Kentteki Maya yerleşimi 550 yıllarında başlıyor. 10.yüzyılda, 100 yıl kadar terk edilse de, Mayalar bu kente tekrar dönüyorlar ve 14. yüzyıla kadar burada yaşamaya devam ediyorlar.

Şehrin en görkemli yapısı 24 m. Yüksekliği ile yılan tanrı Kukulcan’a adanmış El Castillo piramidi. Birkaç yıl önce hatırlarsınız, dünyanın yedi yeni harikası seçilmişti. Biz Türk internetçilerin başaramadığını, Meksikalılar başardılar ve bu piramidi dünyanın yedi yeni harikası arasına soktular. Aya Sofya ile ne mimarisi nede tarihi aynı kefeye konabilir ama bu tabi tamamen ayrı bir konu.

Kalabalıktan şikayet ettiğimi duyan yerli rehberlerden biri, sen asıl burayı ilkbahar ekinoksunda gör, kimi yıllar yürümek adeta imkansızlaşır diyor. Güney yarımkürede 21 Eylül’e denk gelen günde ışıklar bu piramisdin üzerine öyle bir düşermiş ki, piramidin merdiveninin kenarına yapılmış olan tüylü yılan heykeli adeta aşağıya doğru hareket eder gibi görünürmüş.

Kentin bir zamanki sahipleri kendilerini yine adeta her taş parçasına işlemiş gibi.
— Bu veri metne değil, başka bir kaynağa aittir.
lemma sum_Pow_Times_prod_slices:
  fixes f :: "'b \<Rightarrow> 'a set \<Rightarrow> 'c::comm_semiring_1"
  assumes "finite A" "finite B"
  shows "(\<Sum>D\<in>Pow (A \<times> B). \<Prod>t\<in>B. f t {i\<in>A. (i, t) \<in> D}) = (\<Prod>t\<in>B. \<Sum>c\<in>Pow A. f t c)"
proof -
  have "(\<Prod>t\<in>B. \<Sum>c\<in>Pow A. f t c) = (\<Sum>g\<in>B \<rightarrow>\<^sub>E Pow A. \<Prod>t\<in>B. f t (g t))"
    using assms by (intro prod_sum_PiE) auto
  also have "\<dots> = (\<Sum>D\<in>Pow (A \<times> B). \<Prod>t\<in>B. f t {i\<in>A. (i, t) \<in> D})"
  proof (rule sum.reindex_bij_witness[of _ "\<lambda>D. restrict (\<lambda>t. {i\<in>A. (i, t) \<in> D}) B"
                                          "\<lambda>g. {(i, t). t \<in> B \<and> i \<in> g t}"])
    fix g assume g: "g \<in> B \<rightarrow>\<^sub>E Pow A"
    then show "restrict (\<lambda>t. {i\<in>A. (i, t) \<in> {(i, t). t \<in> B \<and> i \<in> g t}}) B = g"
      by (auto simp: PiE_def extensional_def fun_eq_iff)
    show "(\<Prod>t\<in>B. f t {i\<in>A. (i, t) \<in> {(i, t). t \<in> B \<and> i \<in> g t}}) = (\<Prod>t\<in>B. f t (g t))"
    proof (rule prod.cong[OF refl])
      fix t assume "t \<in> B"
      then have "{i\<in>A. (i, t) \<in> {(i, t). t \<in> B \<and> i \<in> g t}} = g t" using g by auto
      then show "f t {i\<in>A. (i, t) \<in> {(i, t). t \<in> B \<and> i \<in> g t}} = f t (g t)" by simp
    qed
  qed auto
  finally show ?thesis ..
qed

lemma design_prob_by_tests:
  "design_prob N K T D = (\<Prod>t<T. \<Prod>i<N. if (i, t) \<in> D then 1 / real K else 1 - 1 / real K)"
  unfolding design_prob_def by (subst prod.swap) (simp add: prod.cartesian_product case_prod_unfold)

definition masked :: "nat set \<Rightarrow> nat \<Rightarrow> nat \<Rightarrow> (nat \<times> nat) set \<Rightarrow> nat set \<Rightarrow> bool" where
  "masked S j T D W \<longleftrightarrow> (\<forall>t<T. (j, t) \<in> D \<longrightarrow> t \<in> W \<or> (\<exists>i\<in>S. (i, t) \<in> D))"

text \<open>The probability that one test rules out a fixed non-defective item: it contains the item,
  none of the \<open>K\<close> defectives, and no noise.\<close>

definition detect_prob :: "real \<Rightarrow> nat \<Rightarrow> real" where
  "detect_prob q K = (1 - q) * (1 / real K) * (1 - 1 / real K) ^ K"

lemma sum_Pow_detect_prob:
  fixes N :: nat
  assumes "S \<subseteq> {..<N}" "card S = K" "j < N" "j \<notin> S"
  shows "(\<Sum>c\<in>Pow {..<N}. (\<Prod>i<N. if i \<in> c then 1 / real K else 1 - 1 / real K) *
            (1 - (1 - q) * (if j \<in> c \<and> c \<inter> S = {} then 1 else 0))) = 1 - detect_prob q K"
proof -
  let ?w = "\<lambda>c. \<Prod>i<N. if i \<in> c then 1 / real K else 1 - 1 / real K"
  let ?revealed = "\<lambda>c. if j \<in> c \<and> c \<inter> S = {} then 1 else 0"
  have "(\<Sum>c\<in>Pow {..<N}. ?w c * (1 - (1 - q) * ?revealed c))
      = (\<Sum>c\<in>Pow {..<N}. ?w c) - (1 - q) * (\<Sum>c\<in>Pow {..<N}. ?w c * ?revealed c)"
    unfolding right_diff_distrib mult_1_right sum_subtractf sum_distrib_left by (simp add: mult_ac)
  also have "(\<Sum>c\<in>Pow {..<N}. ?w c * ?revealed c) = 1 / real K * (1 - 1 / real K) ^ K"
    using sum_Pow_Bernoulli_mem_disjoint[of "{..<N}" S j "1 / real K"] assms by simp
  also have "(\<Sum>c\<in>Pow {..<N}. ?w c) = 1"
    by (rule sum_Pow_Bernoulli_weights) simp
  finally show ?thesis by (simp add: detect_prob_def)
qed
definition linear_extension :: "nat \<Rightarrow> nat \<Rightarrow> (nat \<times> nat) list \<Rightarrow> bool" where
  "linear_extension m n L \<longleftrightarrow>
     distinct L \<and> set L = {1..m} \<times> {1..n} \<and>
     (\<forall>i<length L. \<forall>j<length L.
        fst (L!i) \<le> fst (L!j) \<and> snd (L!i) \<le> snd (L!j) \<and> L!i \<noteq> L!j \<longrightarrow> i < j)"

definition rat_map_eq :: "nat \<Rightarrow> nat \<Rightarrow> (cmat \<Rightarrow> cmat) \<Rightarrow> (cmat \<Rightarrow> cmat) \<Rightarrow> bool" where
  "rat_map_eq m n f g \<longleftrightarrow>
     (\<exists>U. open U \<and> closure U = UNIV \<and>
        (\<forall>x\<in>U. \<forall>a\<in>{1..m}. \<forall>b\<in>{1..n}. f x a b = g x a b))"

end

theory Submission
  imports Defs
begin

text \<open>Each of \<open>\<eta>\<^sub>a\<^sup>b\<close>, \<open>T\<^sub>a\<^sup>b\<close> changes only the entry \<open>(a, b)\<close>, and the new value
  depends only on \<open>(a, b)\<close> and its four nearest neighbours. Hence \<open>\<eta>\<^sub>a\<^sup>b\<close>, \<open>\<tau>\<^sub>a\<^sup>b\<close>
  and \<open>\<rho>\<^sub>a\<^sup>b\<close> change only entries on the diagonal \<open>b - a\<close> and read only the three
  diagonals around it, so maps attached to cells whose diagonals are at distance at least 2
  commute. Two cells ordered differently by two linear extensions are incomparable, hence lie on
  such diagonals, and one linear extension is turned into another by swapping such pairs.
  For (2), \<open>\<tau>\<^sub>a\<^sup>b\<close> reads and writes only cells preceding \<open>(a, b)\<close> in row-major
  order, so it commutes with \<open>\<eta>\<^sub>c\<^sup>e\<close> for every later \<open>(c, e)\<close>, and all the
  \<open>\<eta>\<close>'s can be moved to the front. All identities hold for the total maps, so the rational
  maps agree everywhere.\<close>

definition agree_on :: "('a \<times> 'b) set \<Rightarrow> ('a \<Rightarrow> 'b \<Rightarrow> 'c) \<Rightarrow> ('a \<Rightarrow> 'b \<Rightarrow> 'c) \<Rightarrow> bool" where
  "agree_on S x y \<longleftrightarrow> (\<forall>a b. (a, b) \<in> S \<longrightarrow> x a b = y a b)"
Elimdeki kitaba göre bu yazıtlarda diğer Maya kentlerindeki gibi hanedan öykülerinin yanı sıra, kan akıtma, ateşi başlatma gibi soyluların yerine getirdiği tapınak kutsama ayinleride anlatılıyor. Hakikaten biraz dikkali bakınca kalbe saplanmış bıçaklar, kesik kafalar her yerde.

Bana göre Chichen Itza’daki en hoş yapı, İspanyolca anlamı Salyangoz olan Caracol. Buradaki mimari olarak en sıra dışı yapı olan Caracol, bir zamanlar gözlemevi olarak kullanılmaktaymış. Maya astronomları güneşin, ayın ve hepsindende öte Venüs gezegeninin doğuş ve batış hareketlerini saptamak için bu yapının platformlarıyla, kapı ve pencere pervazlarındaki gözlem hatlarını kullanırlarmış. Mayaların o zamanlar Venüs’ün görünür hareketlerine ilişkin mükemmel bilgilere sahip oldukları biliniyor.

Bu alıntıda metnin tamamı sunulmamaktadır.